Work required:
List all lines of the data containing the word "lemma".

---------- Supplied records

lemma scaled_outdeg_integral:
  fixes f :: "real \<Rightarrow> real"
  assumes "k \<ge> 1" and f[measurable]: "f \<in> borel_measurable borel"
  shows "integrable (scaled_outdeg k n) f"
    and "(\<integral>x. f x \<partial>scaled_outdeg k n) = expect_root k n (\<lambda>d. f (real n powr (- (real k / (real k + 1))) * real d))"
proof -
  let ?p = "map_pmf root_outdeg (random_tree k n)" and ?r = "real n powr (- (real k / (real k + 1)))"
  have fin: "finite (set_pmf ?p)" using set_pmf_root_outdeg[OF assms(1)] finite_subset by blast
  have "integrable (measure_pmf ?p) (\<lambda>d. f (?r * real d))" by (rule integrable_measure_pmf_finite[OF fin])
  then show "integrable (scaled_outdeg k n) f"
    unfolding scaled_outdeg_def by (subst integrable_distr_eq) simp_all
  have "(\<integral>x. f x \<partial>scaled_outdeg k n) = (\<integral>d. f (?r * real d) \<partial>measure_pmf ?p)"
    unfolding scaled_outdeg_def by (rule integral_distr) auto
  also have "\<dots> = (\<Sum>d\<in>{..n}. f (?r * real d) * pmf ?p d)"
    using set_pmf_root_outdeg[OF assms(1)] by (intro integral_measure_pmf_real) auto
  also have "\<dots> = expect_root k n (\<lambda>d. f (?r * real d))"
    unfolding expect_root_def pmf_root_outdeg[OF assms(1)] by (simp add: mult.commute)
  finally show "(\<integral>x. f x \<partial>scaled_outdeg k n) = expect_root k n (\<lambda>d. f (?r * real d))" .
qed

lemma cdf_scaled_outdeg:
  "cdf (measure_pmf (map_pmf (\<lambda>ts. real n powr (- (real k / (real k + 1))) * real (root_outdeg ts)) (random_tree k n))) x
     = cdf (scaled_outdeg k n) x"
  unfolding cdf_def scaled_outdeg_def by (subst measure_distr) (auto simp: vimage_def)

theorem root_outdeg_exact_law:
  assumes "k \<ge> 1"
  shows "pmf (map_pmf root_outdeg (random_tree k n)) m =
              ((real m - (real k - 1) / real k) gchoose m)
              / ((real n - real k / (real k + 1)) gchoose n)
              * (\<Sum>l = 0..m. real (m choose l) * (-1) ^ l
                   * ((real n - 1 - real k * real l / (real k + 1)) gchoose n))"
  using pmf_root_outdeg[OF assms] root_prob_closed_form[OF assms]
  by (simp add: closed_form_def root_coeff_def size_coeff_def alt_binom_sum_def shifted_binom_def)
lemma rank_one_in_nest_alg:
  assumes nest: "nest \<E>" and K: "K \<in> \<E>" and h: "h \<in> annihilator (nest_minus \<E> K)" and z: "z \<in> K"
  shows "rank_one h z \<in> nest_alg \<E>"
proof -
  have "rank_one h z ` E \<subseteq> E" if E: "E \<in> \<E>" for E
  proof -
    have cs: "csubspace E" using nest E by (auto simp: nest_def closed_csubspace_def)
    show ?thesis
    proof (cases "E \<subseteq> nest_minus \<E> K")
      case True
      then show ?thesis
        using h cs by (auto simp: annihilator_def rank_one_def scaleC_zero_left csubspace_def)
    next
      case False
      then have "z \<in> E" using nest_subset_of_not_subset_minus[OF nest E K] z by blast
      then show ?thesis using cs by (auto simp: csubspace_def rank_one_def)
    qed
  qed
  then show ?thesis
    using h bounded_op_rank_one by (auto simp: nest_alg_def annihilator_def)
qed

lemma rank_one_sandwich:
  assumes "bounded_op T" "bounded_functional g"
  shows "rank_one g x \<circ> T \<circ> rank_one f y = (\<lambda>v. g (T y) *\<^sub>C rank_one f x v)"
  using assms by (auto simp: rank_one_def bounded_op_def bounded_functional_def scaleC_scaleC mult.commute)

lemma ess_support_le:
  assumes "K \<in> \<E>" "\<forall>T\<in>J. T ` N \<subseteq> K"
  shows "ess_support \<E> J N \<subseteq> K"
proof -
  have "\<forall>T\<in>J. fin_dim_quot (T ` N) K"
    using assms(2) unfolding fin_dim_quot_def cspan_def csubspace_def
    by (intro ballI exI[of _ "{}"]) force
  then show ?thesis using assms(1) unfolding ess_support_def by blast
qed

theorem mainTheorem13:
  fixes \<E> :: "'a::complex_banach set set" and J :: "('a \<Rightarrow> 'a) set" and L N :: "'a set"
  assumes "nest \<E>" and "bimodule \<E> J"
    and "L \<in> \<E>" and "N \<in> \<E>"
    and "nest_minus \<E> L \<subset> ess_support \<E> J N"
  shows "\<forall>f \<in> annihilator (nest_minus \<E> N). \<forall>x \<in> L. rank_one f x \<in> J"
proof (intro ballI)
  fix f x assume f: "f \<in> annihilator (nest_minus \<E> N)" and x: "x \<in> L"
  have Lm: "nest_minus \<E> L \<in> \<E>" using nest_minus_in_nest[OF assms(1)] .
  obtain T y where T: "T \<in> J" and y: "y \<in> N" and Ty: "T y \<notin> nest_minus \<E> L"
    using ess_support_le[OF Lm, of J N] assms(5) by blast
  obtain g where g: "g \<in> annihilator (nest_minus \<E> L)" and gTy: "g (T y) \<noteq> 0"
    using annihilator_separates_point Lm assms(1) Ty by (metis nest_def)
  have J: "\<forall>A\<in>nest_alg \<E>. \<forall>T\<in>J. A \<circ> T \<in> J \<and> T \<circ> A \<in> J" "\<forall>c. \<forall>T\<in>J. (\<lambda>x. c *\<^sub>C T x) \<in> J"
    and "bounded_op T" using assms(2) T by (auto simp: bimodule_def)
  then have "rank_one g x \<circ> T \<circ> rank_one f y \<in> J"
    using T rank_one_in_nest_alg[OF assms(1)] assms(3,4) f g x y by (metis comp_assoc)
  then have "(\<lambda>v. (1 / g (T y)) *\<^sub>C (g (T y) *\<^sub>C rank_one f x v)) \<in> J"
    using J(2) rank_one_sandwich[OF \<open>bounded_op T\<close>] g by (auto simp: annihilator_def)
  then show "rank_one f x \<in> J" using gTy by (simp add: scaleC_scaleC scaleC_one)
qed

end
lemma coarse_lipschitz_path_sample:
  fixes p :: "real \<Rightarrow> 'a"
  assumes "D \<ge> 0" "C \<ge> 0" and p_M: "\<forall>s\<in>{0..D}. p s \<in> M"
    and p_lip: "\<forall>s\<in>{0..D}. \<forall>t\<in>{0..D}. d (p s) (p t) \<le> C * \<bar>s - t\<bar> + A"
  shows "\<exists>g. g 0 = p 0 \<and> delta_seq M d (C + A) g \<and> (\<forall>i\<ge>nat \<lceil>D\<rceil>. g i = p D)"
proof -
  define m where "m = nat \<lceil>D\<rceil>"
  define s where "s i = real (min i m) * D / real m" for i
  have "D \<le> real m"
    unfolding m_def by linarith
  have s_range: "s i \<in> {0..D}" for i
    using \<open>D \<ge> 0\<close> mult_right_mono[of "real (min i m)" "real m" D]
    by (cases "m = 0") (auto simp: s_def field_simps)
  have s_end: "s i = D" if "i \<ge> m" for i
    using that \<open>D \<le> real m\<close> \<open>D \<ge> 0\<close> by (cases "m = 0") (auto simp: s_def)
  have s_step: "\<bar>s i - s (Suc i)\<bar> \<le> 1" for i
  proof (cases "i < m")
    case True
    then have "s (Suc i) - s i = D / real m"
      by (simp add: s_def min_def field_simps)
    moreover have "0 \<le> D / real m" "D / real m \<le> 1"
      using True \<open>D \<le> real m\<close> \<open>D \<ge> 0\<close> by (auto simp: divide_le_eq_1)
    ultimately show ?thesis
      by simp
  qed (simp add: s_end)
  have "d (p (s i)) (p (s (Suc i))) \<le> C + A" for i
    using p_lip s_range[of i] s_range[of "Suc i"] mult_left_mono[OF s_step[of i] \<open>C \<ge> 0\<close>] by force
  moreover have "s 0 = 0"
    by (simp add: s_def)
  ultimately show ?thesis
    using p_M s_range s_end unfolding delta_seq_def m_def
    by (intro exI[of _ "\<lambda>i. p (s i)"]) auto
qed

definition delta_connector ::
  "'a set \<Rightarrow> ('a \<Rightarrow> 'a \<Rightarrow> real) \<Rightarrow> real \<Rightarrow> ('a \<Rightarrow> 'a \<Rightarrow> nat \<Rightarrow> 'a) \<Rightarrow> bool" where
  "delta_connector M d \<delta> \<gamma> \<longleftrightarrow>
     (\<forall>a\<in>M. \<forall>b\<in>M. \<gamma> a b 0 = a \<and> delta_seq M d \<delta> (\<gamma> a b) \<and> (\<forall>i\<ge>nat \<lceil>d a b\<rceil>. \<gamma> a b i = b))"

lemma delta_connector_mono:
  "delta_connector M d \<delta> \<gamma> \<Longrightarrow> \<delta> \<le> \<delta>' \<Longrightarrow> delta_connector M d \<delta>' \<gamma>"
  unfolding delta_connector_def using delta_seq_mono by blast
text \<open>On [t0, y] the convex function f^(-1/\<alpha>) lies below its chord, which is at most
  (1 + 2 f(y)^(-1/\<alpha>) / y) t once f(t0)^(-1/\<alpha>) \<le> t and t0 < y/2.\<close>

lemma neg_inv_concave_lower_bound_near_0:
  fixes f :: "real \<Rightarrow> real"
  assumes \<alpha>: "0 < \<alpha>" and f: "neg_inv_concave_on \<alpha> {0..} f"
    and t0: "0 \<le> t0" "t0 < y / 2" "0 < f t0" "f t0 powr (-1/\<alpha>) \<le> t"
    and t: "t0 \<le> t" "t \<le> y" and y: "0 < f y"
  shows "((1 + 2 * f y powr (-1/\<alpha>) / y) * t) powr (-\<alpha>) \<le> f t"
proof -
  define \<phi>0 \<phi>y where "\<phi>0 = f t0 powr (-1/\<alpha>)" and "\<phi>y = f y powr (-1/\<alpha>)"
  have \<phi>: "0 < \<phi>0" "0 < \<phi>y"
    using t0 y by (auto simp: \<phi>0_def \<phi>y_def)
  define l where "l = (t - t0) / (y - t0)"
  have l: "0 \<le> l" "l \<le> 1"
    using t t0 by (auto simp: l_def divide_simps)
  have "l * (y - t0) = t - t0"
    using t0 by (simp add: l_def)
  then have t_eq: "t = (1 - l) * t0 + l * y"
    by (simp add: algebra_simps)
  have "l \<le> t / (y - t0)"
    using t0 t by (simp add: l_def divide_right_mono)
  also have "\<dots> \<le> t / (y / 2)"
    using t0 t by (intro divide_left_mono) auto
  also have "\<dots> = 2 * t / y"
    by simp
  finally have "l * \<phi>y \<le> 2 * t / y * \<phi>y"
    using \<phi> by (intro mult_right_mono) auto
  moreover have "(1 - l) * \<phi>0 \<le> \<phi>0"
    using l \<phi> by (intro mult_left_le_one_le) auto
  then have "(1 - l) * \<phi>0 \<le> t"
    using t0(4) unfolding \<phi>0_def by linarith
  ultimately have le: "(1 - l) * \<phi>0 + l * \<phi>y \<le> (1 + 2 * \<phi>y / y) * t"
    by (simp add: algebra_simps)
  have pos: "0 < (1 - l) * \<phi>0 + l * \<phi>y"
    using l \<phi> by (cases "l = 0") (auto intro: add_nonneg_pos)
  have "((1 + 2 * \<phi>y / y) * t) powr (-\<alpha>) \<le> ((1 - l) * \<phi>0 + l * \<phi>y) powr (-\<alpha>)"
    using le pos \<alpha> by (intro powr_mono2') auto
  also have "\<dots> \<le> f t"
    unfolding \<phi>0_def \<phi>y_def t_eq using t0 t y l
    by (intro neg_inv_concave_onD[OF f]) auto
  finally show ?thesis
    by (simp add: \<phi>y_def)
qed

lemma ex_small_powr_gt:
  fixes c d e I :: real
  assumes c: "0 < c" and d: "0 < d" and e: "e < 0"
  obtains \<delta> where "0 < \<delta>" "\<delta> \<le> d" "I < c * \<delta> powr e"
proof -
  define M where "M = max I 0 / c + 1"
  have M: "0 < M"
    using c by (simp add: M_def add_nonneg_pos)
  define \<delta> where "\<delta> = min (M powr (1 / e)) d"
  have \<delta>: "0 < \<delta>" "\<delta> \<le> d"
    using M d by (auto simp: \<delta>_def)
  have "M = (M powr (1 / e)) powr e"
    using M e by (simp add: powr_powr)
  also have "\<dots> \<le> \<delta> powr e"
    using e M \<delta> by (intro powr_mono2') (auto simp: \<delta>_def)
  finally have "max I 0 + c \<le> c * \<delta> powr e"
    using c by (simp add: M_def field_simps)
  then have "I < c * \<delta> powr e"
    using c by linarith
  then show ?thesis
    using that \<delta> by blast
qed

--------------------

Solution:
lemma scaled_outdeg_integral:
lemma cdf_scaled_outdeg:
lemma rank_one_in_nest_alg:
lemma rank_one_sandwich:
lemma ess_support_le:
lemma coarse_lipschitz_path_sample:
lemma delta_connector_mono:
lemma neg_inv_concave_lower_bound_near_0:
lemma ex_small_powr_gt:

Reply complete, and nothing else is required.